I’m hunting down an elusive problem where I’m homing a slaved axis.
I’m using user limits to trigger a stop when the home input is activated. Each axis has its own input, and I configure the user limit for each axis to triggered modify stop and capture the position.
When this problem happens, the first user limit to trigger commands a stop for the target axis, but also for the other axis.
In this example, Axis.3 triggers its user limit, but both Axis.3 and Axis.0 are commanded to stop.
Note: Axis.0 shouldn’t have been stopped (yet), in blue, is triggered to stop the millisecond after the one tied to the user limit. This timing seems conspicuous.
Questions
I’m fairly confident that I’m using the correct target axis in UserLimitConfigSet(...), or this would never work. I also double-checked to verify that the user limits are using the correct firmware addresses for their respective inputs.
While I’m homing, I remove all the axes from the multi axis.
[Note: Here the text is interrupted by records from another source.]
definition real_structure ::
  "'v set \<Rightarrow> 'e set \<Rightarrow> ('e \<Rightarrow> 'v set) \<Rightarrow> ('v \<Rightarrow> 'v) \<Rightarrow> ('e \<Rightarrow> 'e) \<Rightarrow> bool" where
  "real_structure V E psi cv ce \<longleftrightarrow>
     (\<forall>v\<in>V. cv v \<in> V \<and> cv (cv v) = v) \<and>
     (\<forall>e\<in>E. ce e \<in> E \<and> ce (ce e) = e \<and> psi (ce e) = cv ` psi e)"

definition divisor :: "'v set \<Rightarrow> ('v \<Rightarrow> int) \<Rightarrow> bool" where
  "divisor V D \<longleftrightarrow> (\<forall>v. v \<notin> V \<longrightarrow> D v = 0)"

definition effective :: "'v set \<Rightarrow> ('v \<Rightarrow> int) \<Rightarrow> bool" where
  "effective V D \<longleftrightarrow> divisor V D \<and> (\<forall>v. D v \<ge> 0)"

definition deg :: "'v set \<Rightarrow> ('v \<Rightarrow> int) \<Rightarrow> int" where
  "deg V D = (\<Sum>v\<in>V. D v)"

definition principal :: "'e set \<Rightarrow> ('e \<Rightarrow> 'v set) \<Rightarrow> ('v \<Rightarrow> int) \<Rightarrow> 'v \<Rightarrow> int" where
  "principal E psi f v =
     (\<Sum>e\<in>{e\<in>E. v \<in> psi e}.
        (if psi e = {v} then 0 else (\<Sum>w\<in>psi e - {v}. f w - f v)))"

definition lin_equiv :: "'e set \<Rightarrow> ('e \<Rightarrow> 'v set) \<Rightarrow> ('v \<Rightarrow> int) \<Rightarrow> ('v \<Rightarrow> int) \<Rightarrow> bool" where
  "lin_equiv E psi D1 D2 \<longleftrightarrow> (\<exists>f. (\<lambda>v. D2 v - D1 v) = principal E psi f)"

definition linear_system ::
  "'v set \<Rightarrow> 'e set \<Rightarrow> ('e \<Rightarrow> 'v set) \<Rightarrow> ('v \<Rightarrow> int) \<Rightarrow> ('v \<Rightarrow> int) set" where
  "linear_system V E psi D = {D'. effective V D' \<and> lin_equiv E psi D D'}"

definition rank_prop :: "'v set \<Rightarrow> 'e set \<Rightarrow> ('e \<Rightarrow> 'v set) \<Rightarrow> ('v \<Rightarrow> int) \<Rightarrow> nat \<Rightarrow> bool" where
  "rank_prop V E psi D r \<longleftrightarrow>
     (\<forall>F. effective V F \<and> deg V F = int r \<longrightarrow>
        (\<exists>D'\<in>linear_system V E psi D. \<forall>v. D' v - F v \<ge> 0))"

definition rk :: "'v set \<Rightarrow> 'e set \<Rightarrow> ('e \<Rightarrow> 'v set) \<Rightarrow> ('v \<Rightarrow> int) \<Rightarrow> int" where
  "rk V E psi D =
     (if linear_system V E psi D = {} then -1
      else int (GREATEST r. rank_prop V E psi D r))"

definition real_divisor :: "'v set \<Rightarrow> ('v \<Rightarrow> 'v) \<Rightarrow> ('v \<Rightarrow> int) \<Rightarrow> bool" where
  "real_divisor V cv D \<longleftrightarrow> divisor V D \<and> (\<forall>v\<in>V. D (cv v) = D v)"

definition real_rank_prop ::
  "'v set \<Rightarrow> 'e set \<Rightarrow> ('e \<Rightarrow> 'v set) \<Rightarrow> ('v \<Rightarrow> 'v) \<Rightarrow> ('v \<Rightarrow> int) \<Rightarrow> nat \<Rightarrow> bool" where
  "real_rank_prop V E psi cv D r \<longleftrightarrow>
     (\<forall>F. effective V F \<and> real_divisor V cv F \<and> deg V F = int r \<longrightarrow>
        (\<exists>D'\<in>linear_system V E psi D. real_divisor V cv D' \<and> (\<forall>v. D' v - F v \<ge> 0)))"

definition real_rk ::
  "'v set \<Rightarrow> 'e set \<Rightarrow> ('e \<Rightarrow> 'v set) \<Rightarrow> ('v \<Rightarrow> 'v) \<Rightarrow> ('v \<Rightarrow> int) \<Rightarrow> int" where
  "real_rk V E psi cv D =
     (if \<not> real_rank_prop V E psi cv D 0 then -1
      else int (GREATEST r. \<forall>s\<le>r. real_rank_prop V E psi cv D s))"

end

theory Submission
  imports Defs
begin

text \<open>
  Suppose \<open>D + \<Delta>(f)\<close> lies in \<open>|D|\<close> and dominates a real effective divisor \<open>F\<close>.
  Replace the potential \<open>f\<close> by its symmetrisation \<open>h = max f (f \<circ> \<sigma>)\<close>.
  At every vertex \<open>v\<close>, \<open>h\<close> dominates both \<open>f\<close> and \<open>f \<circ> \<sigma>\<close> and agrees with one of them at \<open>v\<close>,
  so \<open>\<Delta>(h)(v)\<close> is at least \<open>\<Delta>(f)(v)\<close> or at least \<open>\<Delta>(f \<circ> \<sigma>)(v) = \<Delta>(f)(\<sigma> v)\<close>;
  as \<open>D\<close> and \<open>F\<close> are real, \<open>D + \<Delta>(h) \<ge> F\<close> in both cases.
  Since \<open>h\<close> is \<open>\<sigma>\<close>-invariant, \<open>D + \<Delta>(h)\<close> is real.
  Hence every real test divisor that \<open>D\<close> can absorb within \<open>|D|\<close> it can also absorb by a real member
  of \<open>|D|\<close>, which gives \<open>rk\<^sub>\<real>(D) \<ge> rk(D)\<close>.
\<close>

definition incidence_term :: "('v \<Rightarrow> int) \<Rightarrow> 'v \<Rightarrow> 'v set \<Rightarrow> int" where
  "incidence_term f v S = (if S = {v} then 0 else (\<Sum>w\<in>S - {v}. f w - f v))"

lemma principal_eq_sum_incidence_term:
  "principal E psi f v = (\<Sum>e\<in>{e\<in>E. v \<in> psi e}. incidence_term f v (psi e))"
  unfolding principal_def incidence_term_def by simp

lemma principal_eq_0_outside:
  assumes "graph V E psi" "v \<notin> V"
  shows "principal E psi f v = 0"
proof -
  have "{e\<in>E. v \<in> psi e} = {}" using assms unfolding graph_def by blast
  then show ?thesis unfolding principal_eq_sum_incidence_term by (metis sum.empty)
qed

lemma principal_cong:
  assumes "graph V E psi" "\<And>x. x \<in> V \<Longrightarrow> f x = g x"
  shows "principal E psi f v = principal E psi g v"
  unfolding principal_eq_sum_incidence_term
proof (rule sum.cong[OF refl])
  fix e assume "e \<in> {e\<in>E. v \<in> psi e}"
  then have "psi e \<subseteq> V" "v \<in> V" using assms(1) unfolding graph_def by blast+
  then show "incidence_term f v (psi e) = incidence_term g v (psi e)"
    using assms(2) unfolding incidence_term_def by (auto simp: subset_eq intro!: sum.cong)
qed

lemma principal_mono_at:
  assumes "\<And>x. f x \<le> h x" "h v = f v"
  shows "principal E psi f v \<le> principal E psi h v"
  unfolding principal_eq_sum_incidence_term incidence_term_def
  using assms by (intro sum_mono) (auto intro: sum_mono)

lemma incidence_term_image:
  assumes "inj_on cv (insert v S)"
  shows "incidence_term f (cv v) (cv ` S) = incidence_term (f \<circ> cv) v S"
proof -
  have "cv ` S = {cv v} \<longleftrightarrow> S = {v}"
    using inj_on_image_eq_iff[OF assms, of S "{v}"] by auto
  moreover have "cv ` S - {cv v} = cv ` (S - {v})"
    using assms by (auto simp: inj_on_def)
  moreover have "inj_on cv (S - {v})" using assms by (rule inj_on_subset) auto
  ultimately show ?thesis
    unfolding incidence_term_def by (simp add: sum.reindex)
qed

lemma principal_conj:
  assumes g: "graph V E psi" and rs: "real_structure V E psi cv ce" and v: "v \<in> V"
  shows "principal E psi f (cv v) = principal E psi (f \<circ> cv) v"
proof -
  let ?Ev = "{e\<in>E. v \<in> psi e}"
  have inj_cv: "inj_on cv V" using rs unfolding real_structure_def inj_on_def by metis
  have inj_ce: "inj_on ce ?Ev"
    using rs unfolding real_structure_def inj_on_def by (metis (no_types, lifting) mem_Collect_eq)
  have "ce ` ?Ev = {e\<in>E. cv v \<in> psi e}"
  proof (intro equalityI subsetI)
    fix e assume "e \<in> {e\<in>E. cv v \<in> psi e}"
    moreover have "cv (cv v) = v" using rs v unfolding real_structure_def by blast
    ultimately have "ce e \<in> ?Ev" "ce (ce e) = e"
      using rs unfolding real_structure_def by force+
    then show "e \<in> ce ` ?Ev" by (metis image_eqI)
  qed (use rs in \<open>auto simp: real_structure_def\<close>)
  then have "principal E psi f (cv v) = (\<Sum>e\<in>ce ` ?Ev. incidence_term f (cv v) (psi e))"
    unfolding principal_eq_sum_incidence_term by simp
  also have "\<dots> = (\<Sum>e\<in>?Ev. incidence_term f (cv v) (psi (ce e)))"
    by (simp add: sum.reindex[OF inj_ce])
  also have "\<dots> = (\<Sum>e\<in>?Ev. incidence_term (f \<circ> cv) v (psi e))"
  proof (rule sum.cong[OF refl])
    fix e assume e: "e \<in> ?Ev"
    then have "psi (ce e) = cv ` psi e" "insert v (psi e) \<subseteq> V"
      using rs g v unfolding real_structure_def graph_def by auto
    then show "incidence_term f (cv v) (psi (ce e)) = incidence_term (f \<circ> cv) v (psi e)"
      using incidence_term_image inj_on_subset[OF inj_cv] by metis
  qed
  finally show ?thesis unfolding principal_eq_sum_incidence_term .
qed

lemma sum_incidence_term_edge:
  assumes "card S = 1 \<or> card S = 2"
  shows "(\<Sum>v\<in>S. incidence_term f v S) = 0"
  using assms
proof (elim disjE)
  assume "card S = 1"
  then obtain a where "S = {a}" by (auto simp: card_Suc_eq)
  then show ?thesis by (simp add: incidence_term_def)
next
  assume "card S = 2"
  then obtain a b where "S = {a, b}" "a \<noteq> b" by (auto simp: card_Suc_eq numeral_2_eq_2)
  moreover have "{a, b} - {a} = {b}" "{a, b} - {b} = {a}" using \<open>a \<noteq> b\<close> by auto
  ultimately show ?thesis by (simp add: incidence_term_def doubleton_eq_iff)
qed

text \<open>Each edge contributes opposite amounts to its two endpoints.\<close>
lemma deg_principal:
  assumes g: "graph V E psi"
  shows "deg V (principal E psi f) = 0"
proof -
  have fin: "finite V" "finite E" using g unfolding graph_def by auto
  have "deg V (principal E psi f)
      = (\<Sum>v\<in>V. \<Sum>e\<in>{e. e \<in> E \<and> v \<in> psi e}. incidence_term f v (psi e))"
    unfolding deg_def principal_eq_sum_incidence_term by simp
  also have "\<dots> = (\<Sum>e\<in>E. \<Sum>v\<in>{v. v \<in> V \<and> v \<in> psi e}. incidence_term f v (psi e))"
    by (rule sum.swap_restrict[OF fin])
  also have "\<dots> = 0"
  proof (rule sum.neutral, rule ballI)
    fix e assume "e \<in> E"
    then have "{v. v \<in> V \<and> v \<in> psi e} = psi e" "card (psi e) = 1 \<or> card (psi e) = 2"
      using g unfolding graph_def by auto
    then show "(\<Sum>v\<in>{v. v \<in> V \<and> v \<in> psi e}. incidence_term f v (psi e)) = 0"
      using sum_incidence_term_edge by simp
  qed
  finally show ?thesis .
qed

lemma deg_linear_system:
  assumes "graph V E psi" "D' \<in> linear_system V E psi D"
  shows "deg V D' = deg V D"
proof -
  obtain f where "(\<lambda>v. D' v - D v) = principal E psi f"
    using assms(2) unfolding linear_system_def lin_equiv_def by blast
  then have "D' = (\<lambda>v. D v + principal E psi f v)" by (metis diff_add_cancel add.commute)
  then show ?thesis
    using deg_principal[OF assms(1), of f] unfolding deg_def by (simp add: sum.distrib)
qed

lemma principal_sup_conj_dominates:
  assumes g: "graph V E psi" and rs: "real_structure V E psi cv ce"
    and D: "real_divisor V cv D" and F: "real_divisor V cv F"
    and dom: "\<And>v. F v \<le> D v + principal E psi f v" and v: "v \<in> V"
  shows "F v \<le> D v + principal E psi (\<lambda>x. max (f x) (f (cv x))) v"
    (is "_ \<le> _ + principal E psi ?h v")
proof (cases "f (cv v) \<le> f v")
  case True
  then have "principal E psi f v \<le> principal E psi ?h v"
    by (intro principal_mono_at) auto
  then show ?thesis using dom[of v] by linarith
next
  case False
  then have "principal E psi (f \<circ> cv) v \<le> principal E psi ?h v"
    by (intro principal_mono_at) auto
  moreover have "principal E psi f (cv v) = principal E psi (f \<circ> cv) v"
    by (rule principal_conj[OF g rs v])
  moreover have "D (cv v) = D v" "F (cv v) = F v"
    using D F v unfolding real_divisor_def by auto
  ultimately show ?thesis using dom[of "cv v"] by linarith
qed

lemma principal_real:
  assumes g: "graph V E psi" and rs: "real_structure V E psi cv ce"
    and h: "\<And>x. x \<in> V \<Longrightarrow> h (cv x) = h x" and v: "v \<in> V"
  shows "principal E psi h (cv v) = principal E psi h v"
  using principal_conj[OF g rs v, of h] principal_cong[OF g, of "h \<circ> cv" h v] h by simp

lemma real_member_of_linear_system:
  assumes g: "graph V E psi" and rs: "real_structure V E psi cv ce"
    and D: "real_divisor V cv D" and F: "effective V F" "real_divisor V cv F"
    and D': "D' \<in> linear_system V E psi D" "\<And>v. F v \<le> D' v"
  shows "\<exists>D''\<in>linear_system V E psi D. real_divisor V cv D'' \<and> (\<forall>v. F v \<le> D'' v)"
proof -
  obtain f where "(\<lambda>v. D' v - D v) = principal E psi f"
    using D'(1) unfolding linear_system_def lin_equiv_def by blast
  then have dom: "\<And>v. F v \<le> D v + principal E psi f v" using D'(2) by (metis add.commute diff_add_cancel)
  define h where "h x = max (f x) (f (cv x))" for x
  define D'' where "D'' v = D v + principal E psi h v" for v
  have cv: "\<And>x. x \<in> V \<Longrightarrow> cv (cv x) = x" using rs unfolding real_structure_def by blast
  have above: "F v \<le> D'' v" for v
  proof (cases "v \<in> V")
    case True
    then show ?thesis
      using principal_sup_conj_dominates[OF g rs D F(2) dom] unfolding D''_def h_def by blast
  next
    case False
    then show ?thesis using D F principal_eq_0_outside[OF g]
      unfolding D''_def effective_def real_divisor_def divisor_def by simp
  qed
  have "divisor V D''"
    using D principal_eq_0_outside[OF g] unfolding D''_def real_divisor_def divisor_def by simp
  moreover have "D'' (cv v) = D'' v" if "v \<in> V" for v
    using principal_real[OF g rs _ that, of h] D that cv
    unfolding D''_def h_def real_divisor_def by (simp add: max.commute)
  moreover have "effective V D''"
    using \<open>divisor V D''\<close> above F(1) unfolding effective_def by (meson order_trans)
  moreover have "lin_equiv E psi D D''" unfolding lin_equiv_def D''_def by auto
  ultimately show ?thesis
    using above unfolding linear_system_def real_divisor_def by blast
qed

lemma rank_prop_imp_real_rank_prop:
  assumes "graph V E psi" "real_structure V E psi cv ce" "real_divisor V cv D"
    and "rank_prop V E psi D r"
  shows "real_rank_prop V E psi cv D r"
  using assms real_member_of_linear_system[OF assms(1-3)]
  unfolding rank_prop_def real_rank_prop_def by (metis diff_ge_0_iff_ge)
The subsequent stop of Axis.0 reminds me of what happens when a user limit triggers a stop on one axis in the multi axis and it propagates to the others.
What other things could cause RMP to conclude that it should command a stop to an otherwise unrelated axis?
Can you confirm that it only happens during the homing process? If you disable the MultiAxis and trigger the Axis3 UserLimit do you still see a Triggered modify event on Axis0? You’d need motion to see the impact.
We are testing to see if could be another UserLimit triggering for Axis0 or another source of propagation. Is the same true when you disable the Slaving?
So, I’m implementing my own homing routine that resembles 19 (home to switch).
I’m not using Axis::Home(...). I command Axis::MoveVelocity(...) after the user limit is configured.
I haven’t seen this happen any other time, but then, I never use Axis::MoveVelocity(...) outside of this. Neither RMP nor the axis object are in any sort of “homing” mode. (They are all in the standard synchronous cyclic position mode.)
I’m not suggesting that RMP is doing something wrong, as much as I’m asking what kinds of scenarios could cause RMP to command an axis to stop as the result of some other commanded stop. I don’t think it’s the (empty) MultiAxis. I’m skeptical that I’ve misconfigured the user limits. Are there other possible sources?
I’ll try some of the things you suggest as soon as it starts happening again. (-8
So, it turns out in this case that I was not correctly “dissolving” (my terminology) the MultiAxis for the homing routine (due to an uninitialized variable).
The fact that RapidSetup doesn’t always/usually update the MultiAxis view unless you refresh or close/reopen (as well as the behavior of MultiAxisGet(...) vs LoadExistingMultiAxis(...), which I was trying to use in my inspection script), meant that I didn’t pay much attention to what it showed (regarding axis mapping), but the cascading commanded stops certainly looked like MultiAxis behavior.